Mixed-use developer Edens, which has 111 properties predominantly in Boston, New York, Atlanta and Miami, is trying to figure out the recipe that makes modern communities flourish. Jodie McLean, president and chief investment officer of Edens, said the company doesn’t want to fill retail square footage at its developments entirely with retread mall tenants, and strikes a balance between national names and smaller retailers, with about 30 percent of space going to emerging concepts. “Our customer wants an artisan retailer,” she said. Floyd’s 99, a barbershop with a rocker edge, might be more appropriate than a Supercuts at one of its sites. Mom’s Organic Market and Red Apron Butchery are other concepts that Edens has embraced. If Edens can’t find a current retailer to meet a community need at a project it is working on, it will seek out entrepreneurs to operate a store that meets that need. McLean insists that upstart retailers demonstrate they can perform and generate close to $1,000 in sales a square foot.

The retail real estate industry realizes it won’t stay relevant in the face of e-commerce if it stands in place, and its approach to the digital world has changed. Instead of viewing e-commerce as a threat to be overcome, the rise of omnichannel strategies has given physical space important duties — stores are being used as platforms for same-day delivery, Web purchase pick-ups and e-commerce fulfillment — that retail real estate executives at ICSC RECon were championing. “You go on Nordstrom’s Web site and decide to buy a sweater. If you want to take it back, chances are you are going to take it back to The Grove or Americana and then the chance is you will buy something else. I think that’s great,” said Caruso. As omnichannel infrastructure is laid down, Daniel Hurwitz, ceo of DDR Corp., owner and manager of 450 retail properties, said the size requirements for selling space may decrease, but not overall square footage. “You better have inventory, and it better be at a convenient location,” he said, mentioning that Best Buy has reported as much as 40 percent of its online purchases are picked up at stores.
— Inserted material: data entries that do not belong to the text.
(* Replacing a control by its time average keeps the endpoints x_i(T) and, by Jensen's inequality,
   lowers the energy unless the control is a.e. constant. Hence optimal controls are a.e. constant
   velocities c, and c minimises a finite-dimensional reduced cost over the box [-C,C]^N.
   Transferring velocity d from agent j to agent i changes the reduced cost by
   T/N (d ((lam - T)(c_i - c_j) - (x_i - x_j)) + (lam - T) d^2), so for lam > T minimality forces
   (lam - T)(c_i - c_j)^2 <= (c_i - c_j)(x_i - x_j); as x_i(t) - x_j(t) = x_i - x_j + t (c_i - c_j),
   this is the Lipschitz bound. For lam <= T the right-hand side of the bound is non-positive, so it
   forces u_i = u_j a.e.; but for two agents starting at -1/2 and 1/2, the bang-bang control that
   separates them at full speed -C and C is optimal. *)

lemma set_integrable_bounded_interval:
  fixes f :: "real \<Rightarrow> real"
  assumes "set_borel_measurable lborel {a..b} f" and "\<forall>s\<in>{a..b}. \<bar>f s\<bar> \<le> B" and "t \<le> b"
  shows "set_integrable lborel {a..t} f"
proof -
  have "set_integrable lborel {a..b} f"
    unfolding set_integrable_def using assms(1,2)
    by (intro integrableI_bounded_set[where A="{a..b}" and B=B])
       (auto simp: set_borel_measurable_def emeasure_lborel_Icc_eq)
  then show ?thesis
    by (rule set_integrable_subset) (use \<open>t \<le> b\<close> in auto)
qed

lemma set_integral_eq_const_AE:
  fixes f :: "real \<Rightarrow> real"
  assumes "set_borel_measurable lborel {a..b} f" and "AE s in lborel. s \<in> {a..b} \<longrightarrow> f s = c"
    and "a \<le> b"
  shows "(LINT s:{a..b}|lborel. f s) = c * (b - a)"
proof -
  have "(LINT s:{a..b}|lborel. f s) = (LINT s:{a..b}|lborel. c)"
    unfolding set_lebesgue_integral_def using assms(1,2)
    by (intro integral_cong_AE) (auto simp: set_borel_measurable_def indicator_def)
  also have "\<dots> = c * (b - a)"
    using \<open>a \<le> b\<close> by (simp add: set_integral_const)
  finally show ?thesis .
qed

lemma set_integral_square_deviation:
  fixes f :: "real \<Rightarrow> real"
  assumes f: "set_integrable lborel {a..b} f" and f2: "set_integrable lborel {a..b} (\<lambda>s. (f s)\<^sup>2)"
    and "a \<le> b"
  shows "set_integrable lborel {a..b} (\<lambda>s. (f s - m)\<^sup>2)"
    and "(LINT s:{a..b}|lborel. (f s - m)\<^sup>2)
           = (LINT s:{a..b}|lborel. (f s)\<^sup>2) - 2 * m * (LINT s:{a..b}|lborel. f s) + m\<^sup>2 * (b - a)"
proof -
  have const: "set_integrable lborel {a..b} (\<lambda>s. m\<^sup>2)"
    unfolding set_integrable_def
    by (intro integrableI_bounded_set_indicator[where B="m\<^sup>2"]) (auto simp: emeasure_lborel_Icc_eq)
  have lin: "set_integrable lborel {a..b} (\<lambda>s. 2 * m * f s)"
    using f by simp
  have expand: "(\<lambda>s. (f s - m)\<^sup>2) = (\<lambda>s. (f s)\<^sup>2 - 2 * m * f s + m\<^sup>2)"
    by (simp add: power2_eq_square algebra_simps)
  show "set_integrable lborel {a..b} (\<lambda>s. (f s - m)\<^sup>2)"
    unfolding expand using f2 lin const by simp
  show "(LINT s:{a..b}|lborel. (f s - m)\<^sup>2)
           = (LINT s:{a..b}|lborel. (f s)\<^sup>2) - 2 * m * (LINT s:{a..b}|lborel. f s) + m\<^sup>2 * (b - a)"
    unfolding expand using f2 lin const \<open>a \<le> b\<close> by (simp add: set_integral_const)
qed

lemma admissible_set_borel_measurable:
  assumes "admissible T C N u" and "i < N"
  shows "set_borel_measurable lborel {0..T} (u i)"
  using assms unfolding admissible_def set_borel_measurable_def
  by (subst borel_measurable_restrict_space_iff[symmetric]) auto

lemma admissible_set_integrable:
  assumes "admissible T C N u" and "i < N" and "t \<le> T"
  shows "set_integrable lborel {0..t} (u i)"
    and "set_integrable lborel {0..t} (\<lambda>s. (u i s)\<^sup>2)"
proof -
  have meas: "set_borel_measurable lborel {0..T} (u i)"
    using assms(1,2) by (rule admissible_set_borel_measurable)
  have bound: "\<forall>s\<in>{0..T}. \<bar>u i s\<bar> \<le> C"
    using assms(1,2) unfolding admissible_def by auto
  show "set_integrable lborel {0..t} (u i)"
    using meas bound assms(3) by (rule set_integrable_bounded_interval)
  have "(\<lambda>s. indicator {0..T} s *\<^sub>R (u i s)\<^sup>2) = (\<lambda>s. (indicator {0..T} s *\<^sub>R u i s)\<^sup>2)"
    by (auto simp: indicator_def)
  then have "set_borel_measurable lborel {0..T} (\<lambda>s. (u i s)\<^sup>2)"
    using borel_measurable_power[OF meas[unfolded set_borel_measurable_def], of 2]
    unfolding set_borel_measurable_def by argo
  moreover have "\<forall>s\<in>{0..T}. \<bar>(u i s)\<^sup>2\<bar> \<le> C\<^sup>2"
  proof
    fix s assume "s \<in> {0..T}"
    then have "\<bar>u i s\<bar> \<le> \<bar>C\<bar>"
      using bound by force
    then show "\<bar>(u i s)\<^sup>2\<bar> \<le> C\<^sup>2"
      by (simp add: abs_le_square_iff)
  qed
  ultimately show "set_integrable lborel {0..t} (\<lambda>s. (u i s)\<^sup>2)"
    using assms(3) by (rule set_integrable_bounded_interval)
qed

definition reduced_cost :: "real \<Rightarrow> real \<Rightarrow> nat \<Rightarrow> (nat \<Rightarrow> real) \<Rightarrow> (nat \<Rightarrow> real) \<Rightarrow> real" where
  "reduced_cost T lam N x0 c =
     lam / (2 * real N) * (\<Sum>i<N. (c i)\<^sup>2 * T)
     - 1 / (2 * real N) * (\<Sum>i<N. (x0 i + c i * T - (\<Sum>j<N. x0 j + c j * T) / real N)\<^sup>2)"

definition control_mean :: "real \<Rightarrow> (nat \<Rightarrow> real \<Rightarrow> real) \<Rightarrow> nat \<Rightarrow> real" where
  "control_mean T u i = (LINT s:{0..T}|lborel. u i s) / T"

lemma admissible_constant_control:
  assumes "\<forall>i<N. \<bar>c i\<bar> \<le> C"
  shows "admissible T C N (\<lambda>i t. c i)"
  using assms unfolding admissible_def by auto

lemma cost_constant_control:
  assumes "0 \<le> T"
  shows "cost T lam N x0 (\<lambda>i t. c i) = reduced_cost T lam N x0 c"
  using assms unfolding cost_def traj_def mean_traj_def reduced_cost_def
  by (simp add: set_integral_const mult.commute)

lemma abs_control_mean_le:
  assumes "admissible T C N u" and "i < N" and "T > 0"
  shows "\<bar>control_mean T u i\<bar> \<le> C"
proof -
  have int: "set_integrable lborel {0..T} (u i)"
    using assms(1,2) by (rule admissible_set_integrable) simp
  have const: "set_integrable lborel {0..T} (\<lambda>s. C)"
    by (rule set_integrable_bounded_interval[where B="\<bar>C\<bar>"])
       (auto simp: set_borel_measurable_def)
  have bound: "\<And>s. s \<in> {0..T} \<Longrightarrow> \<bar>u i s\<bar> \<le> C"
    using assms(1,2) unfolding admissible_def by auto
  have "\<bar>LINT s:{0..T}|lborel. u i s\<bar> \<le> (LINT s:{0..T}|lborel. \<bar>u i s\<bar>)"
    using set_integral_norm_bound[OF int] by simp
  also have "\<dots> \<le> (LINT s:{0..T}|lborel. C)"
    by (rule set_integral_mono[OF set_integrable_abs[OF int] const]) (rule bound)
  also have "\<dots> = C * T"
    using assms(3) by (simp add: set_integral_const)
  finally have "\<bar>LINT s:{0..T}|lborel. u i s\<bar> \<le> C * T" .
  then show ?thesis
    using assms(3) unfolding control_mean_def abs_divide by (simp add: pos_divide_le_eq)
qed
If the recovery dispelled the myth that e-commerce would render stores meaningless, that myth wasn’t alone in being debunked. The idea that condensed retail footprints were going to rule the retail landscape hasn’t been borne out. “There are a lot of things from a few years ago that were extreme opinions,” said Hurwitz. “It [downsizing] really wasn’t happening. It was a rounding error at best.”

Of reductions in big-box footprints, Andrew Graiser, copresident of A&G Realty Partners, said, “They are very hard to execute. The landlords don’t want to bastardize a box. The cost to split up a box is never cheap.” Today, he said retailers aren’t sticking to cookie-cutter footprints. They may open bigger stores in areas that demand them — for instance, flagships on major city streets — and smaller stores elsewhere. “Retailers are doing a lot more research. They are a lot more attuned to customer profiles and demographics, and they are adjusting to it better,” said Graiser.

Another myth that’s gone by the wayside is the myth of the absent middle. While dollar stores and luxury stores expanded as middle-market retailers largely reined in growth during the recession, retailers betting on the middle class have come rushing back. Gap and Macy’s were frequently cited at ICSC RECon as midtier retailers that have had recent success, and fast-fashion players peddling affordable, trendy attire continue their global spread with no signs of stopping. Mark Burlton, a partner at Cushman & Wakefield’s retail services branch, said, “I think there’s room for a lot more brands in that [fast-fashion] sector. Landlords are desperate for something fresh and new, and they will offer attractive deals.”